[EXCERPTED DATA Boundary: Start]
(* Let $1/3<\kappa<\gamma<1/2$, assume hypothesis (H), let $I=[a,b]\subset[0,T]$, $\varepsilon=b-a$, $a_0\in\mathbb R^k$, $\tilde h\in\mathcal L_1(\mathbb R^k)$, and let $\tilde y\in\tilde{\mathcal Q}^\kappa_{\tilde h}(I;\mathbb R^k)$ with decomposition $\tilde\delta\tilde y=(\tilde x^1\zeta^{\tilde y})^*+\tilde r^{\tilde y}$. Set $y=a_0+\int_0^\infty\hat\phi(\xi)\tilde y(\xi)d\xi$. Then $y\in\mathcal A^\kappa_{f,h}(I;\mathbb R^k)$ with $$f_{ts}=\int_0^\infty\hat\phi(\xi)\,(e^{-\xi(t-s)}-1)e^{-\xi(s-a)}\tilde h(\xi)\,d\xi,\qquad h=a_0+\int_0^\infty\hat\phi(\xi)\tilde h(\xi)d\xi,$$ and $\mathcal M[y;\mathcal A^\kappa_{f,h}(I)]\le c_x\{\mathcal N[\tilde y;\tilde{\mathcal Q}^\kappa(I)]+\varepsilon^{1-\kappa}\mathcal N[\tilde h;\mathcal L_1]\}$.
   Context: Measurable $\hat\phi:(0,\infty)\to\mathbb R$ and $T>0$ fixed. $\mathcal L_1(V)$: measurable $g:[0,\infty)\to V$ with $\mathcal N[g;\mathcal L_1]=\int_0^\infty|\hat\phi(\xi)|(1+\xi)\|g(\xi)\|d\xi<\infty$. $\tilde{\mathcal C}_k(I;V)$: continuous maps from $\{t_1\ge\dots\ge t_k\}\subset I^k$ to $\mathcal L_1(V)$. $(\tilde\delta f)_{ts}(\xi)=f_t(\xi)-e^{-\xi(t-s)}f_s(\xi)$, $(\tilde\delta B)_{tus}(\xi)=B_{ts}-B_{tu}-e^{-\xi(t-u)}B_{us}$. $\mathcal N[B;\tilde{\mathcal C}^\mu_2]=\sup_{s<t}\mathcal N[B_{ts};\mathcal L_1]/|t-s|^\mu$, $\mathcal N[f;\tilde{\mathcal C}^\mu_1]=\mathcal N[\tilde\delta f;\tilde{\mathcal C}^\mu_2]$; $\mathcal N[h;\tilde{\mathcal C}^\mu_3]=\inf\sum_i\sup_{s<u<t}\mathcal N[h^i_{tus};\mathcal L_1]|t-u|^{-\rho_i}|u-s|^{-(\mu-\rho_i)}$ over $h=\sum_ih^i$, $\rho_i\in(0,\mu)$. Paths: $\mathcal N[z;\mathcal C_1^0]=\sup\|z_s\|$, $\mathcal N[z;\mathcal C_1^\mu]=\sup_{s\ne t}\|z_t-z_s\|/|t-s|^\mu$, $\mathcal N[r;\mathcal C_2^\mu]=\sup_{s\ne t}\|r_{ts}\|/|t-s|^\mu$. Hypothesis (H): $\tilde x^1\in\tilde{\mathcal C}_2^\gamma([0,T];\mathbb R^{1,n})$, $\tilde x^2\in\tilde{\mathcal C}_2^{2\gamma}([0,T];\mathbb R^{n,n})$, $\tilde x^3\in\tilde{\mathcal C}_3^{3\gamma}([0,T];\mathbb R^{n,n})$, $\tilde\delta\tilde x^1=0$, $(\tilde\delta\tilde x^2)_{tus}=\tilde x^1_{tu}\otimes x^1_{us}+\tilde x^3_{tus}$ with $x^1_{ts}=\int_0^\infty\tilde x^1_{ts}(\xi)\hat\phi(\xi)d\xi$ and $(u\otimes v)_{ij}=u_iv_j$. $\tilde{\mathcal Q}^\kappa_{\tilde h}(I;\mathbb R^k)$: $\tilde y\in\tilde{\mathcal C}_1(I;\mathbb R^k)$ with $\tilde y_a=\tilde h$ and $(\tilde\delta\tilde y)_{ts}=(\tilde x^1_{ts}\zeta_s)^*+\tilde r_{ts}$, $\zeta\in\mathcal C_1^\kappa(I;\mathbb R^{n,k})$, $\tilde r\in\tilde{\mathcal C}^{2\kappa}_2$; $\mathcal N[\tilde y;\tilde{\mathcal Q}^\kappa]=\mathcal N[\tilde y;\tilde{\mathcal C}^\kappa_1]+\mathcal N[\zeta;\mathcal C_1^0]+\mathcal N[\zeta;\mathcal C_1^\kappa]+\mathcal N[\tilde r;\tilde{\mathcal C}^{2\kappa}_2]$. $\mathcal A^\kappa_{f,h}(I;\mathbb R^k)$ for $f$ with $\mathcal N[f;\mathcal C^1_2]<\infty$ and $h\in\mathbb R^k$: $\gamma$-Hölder paths $y$ with $y_a=h$ and $(\delta y)_{ts}-f_{ts}=(x^1_{ts}\zeta^y_s)^*+r^y_{ts}$, $\zeta^y\in\mathcal C_1^\kappa(I;\mathbb R^{n,k})$, $r^y\in\mathcal C_2^{2\kappa}(I;\mathbb R^k)$; $\mathcal M[y;\mathcal A^\kappa_{f,h}]=\mathcal N[\zeta^y;\mathcal C_1^0]+\mathcal N[\zeta^y;\mathcal C_1^\kappa]+\mathcal N[r^y;\mathcal C_2^{2\kappa}]+\mathcal N[y;\mathcal C_1^\kappa]$. *)

theory Defs
  imports "HOL-Analysis.Analysis"
begin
[EXCERPTED DATA Boundary: End]
• _ACTION ITEM_:
Return the lines from the one containing "theory Defs" through the last line of the records. Include both ends and nothing else.

• _YOUR RESPONSE_:
theory Defs
  imports "HOL-Analysis.Analysis"
begin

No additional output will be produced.